Mirroring the Olympic race

This is one of those silly postings that I write from time to time; they don’t have a particular added value mirror-wise (if any at all), and thus could be ignored as a banter.

But when I stumbled upon this Ludion’s Pentateuch, my head formed a pretty obvious question: Who of them is more spectacular? Or in other words, who is a champion in an ‘art-mirrors-art’ kind of  sport? A silly, macho question I told you, but still?

And so I decided to make a race.

The race will be between the five monsters of avant-garde art – Van Gogh, Dali, Magritte, Matisse and Picasso – to determine the most mirrorest of them.

Van Gogh

With all my love to Van Gogh, he leaves the distance without hardly even starting the race; a false start, perhaps.

There is only one ‘mirror’ in his entire oeuvre, the famous La Chambre à Arles (1888-89), otherwise known as The Bedroom.  Ok, there are technically speaking three versions of this painting, plus a couple of draft sketches, one in the letter to his brother, and another in his letter to Gauguin.  But they are all one and the same work, with some minor variations.

The earliest version of the painting is now in the Van Gogh Museum in Amsterdam (and you can read a lot of interesting things about this work on the museum’s website); the second is in the Art Institute of Chicago, and the third one in Paris at Musée d’Orsay. Two of these works came together last year in Amsterdam, but I did not managed to go and see them; a pity, may be it was once in a lifetime etc.

But as I said, with the respect to the Dutch master he is not well-fit for this mirror race of the giants.



In terms of  number of mirrors in his works Matisse is fine. But as I wrote, most of them are in fact one and the same famous “Oval Mirror of Matisse.” Although it is not even the case – one can paint the same mirror in many different ways (and strictly speaking, Matisse painted more than one mirror).

But somehow Matisse never left the most beaten roots when depicting his mirrors; he is absolutely fantastic on many other way, not not in his “art mirrors”. So, next time better.



The Spaniard defeats the Frenchman not only in terms of mirror quantities (though the number of his mirrors is colossal, I had to write two large postings to cover them all); Picasso was also incredibly diverse in terms of art styles he used, which is also seen in his art-mirrors. Plus of course he created a few incredible original ‘mirror works’, such as his Girl Hugging with Mirror. The only issue with Picasso is his women; he was all about women, and his mirrors were too. He would be a true champion in a sub-sport, of Women with Mirrors, if such would exist.



Perhaps, Dali has painted lesser amount of mirror (although the number will grow if we would add all sort of other mirror-like things in his works, as I wrote).  But – it’s not the number of mirrors that matters, Dali has also created many very original and thought-provoking works (and not only oxytocin trigger, like Picasso). And Dali was making more and more interesting works with with time. So, his silver is well deserved.

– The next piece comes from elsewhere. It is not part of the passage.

(* Let $L\in K[D]$ with $\operatorname{Sym}_L=S_1\cdots S_k$ (homogeneous $S_i$), and let $b_1,\dots,b_k\in K$ with $b_1\cdots b_k=1$, so that also $\operatorname{Sym}_L=(b_1S_1)\cdots(b_kS_k)$. Then the rings of obstacles for the two types coincide: $$K[X]/(\operatorname{Sym}_L/S_1,\dots,\operatorname{Sym}_L/S_k)=K[X]/(\operatorname{Sym}_L/(b_1S_1),\dots,\operatorname{Sym}_L/(b_kS_k)).$$ Moreover, the obstacles coincide: the set of classes in this ring of the symbols of common obstacles to factorization of $L$ of type $(S_1)\cdots(S_k)$ equals the set of classes of the symbols of common obstacles to factorization of $L$ of type $(b_1S_1)\cdots(b_kS_k)$.
   Context: $K$ is a field with commuting derivations $\partial_1,\dots,\partial_n$, and $K[D]=K[D_1,\dots,D_n]$ is the ring of linear differential operators over $K$: the $D_i$ commute with each other and $D_i\circ a=aD_i+\partial_i(a)$ for $a\in K$. Every $L\in K[D]$ is uniquely $\sum_{|J|\le d}a_JD^J$ with $a_J\in K$ and $D^J=D_1^{j_1}\cdots D_n^{j_n}$. The order $\operatorname{ord}(L)$ is the largest $|J|$ with $a_J\ne0$, and $\operatorname{ord}(0)=-\infty$. The symbol $\operatorname{Sym}_L=\sum_{|J|=\operatorname{ord}L}a_JX^J\in K[X]=K[X_1,\dots,X_n]$, with $\operatorname{Sym}_0=0$. A factorization of type $(T_1)\cdots(T_k)$ of an operator $M$ is $M=F_1\circ\cdots\circ F_k$ with $\operatorname{Sym}_{F_i}=T_i$. A common obstacle to factorization of $L$ of type $(T_1)\cdots(T_k)$ is an operator $R$ such that $L-R$ has a factorization of that type and $R$ has minimal possible order among such operators. The ring of obstacles for type $(T_1)\cdots(T_k)$, where $\operatorname{Sym}_L=T_1\cdots T_k$, is $K[X]/(\operatorname{Sym}_L/T_1,\dots,\operatorname{Sym}_L/T_k)$. The obstacle is the class in this ring of the symbols of common obstacles (these all lie in one class when the $T_i$ are pairwise coprime). *)

theory Defs
  imports Main "HOL-Library.Poly_Mapping"
begin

But to all my surprise, the winner of the race is …

<drum roll>


</ drumroll>

And that having in mind that I don’t particularly like Magritte as a painter.


And yet Magritte somehow managed to win this Mirror Race: his mirrors are most conceptual and paradoxical, and I could add that they are more in line with the XX century than the ones of other contenders. Nearly all his mirrors are not mere repetitions of the earlier themes and motifs, but some sort of Alice-in-Wonderlands ‘doors’ that open more and more mirror gardens for us.

So, and despite a surprise on my face, I have to declare Magritte the Mirror Champion this time.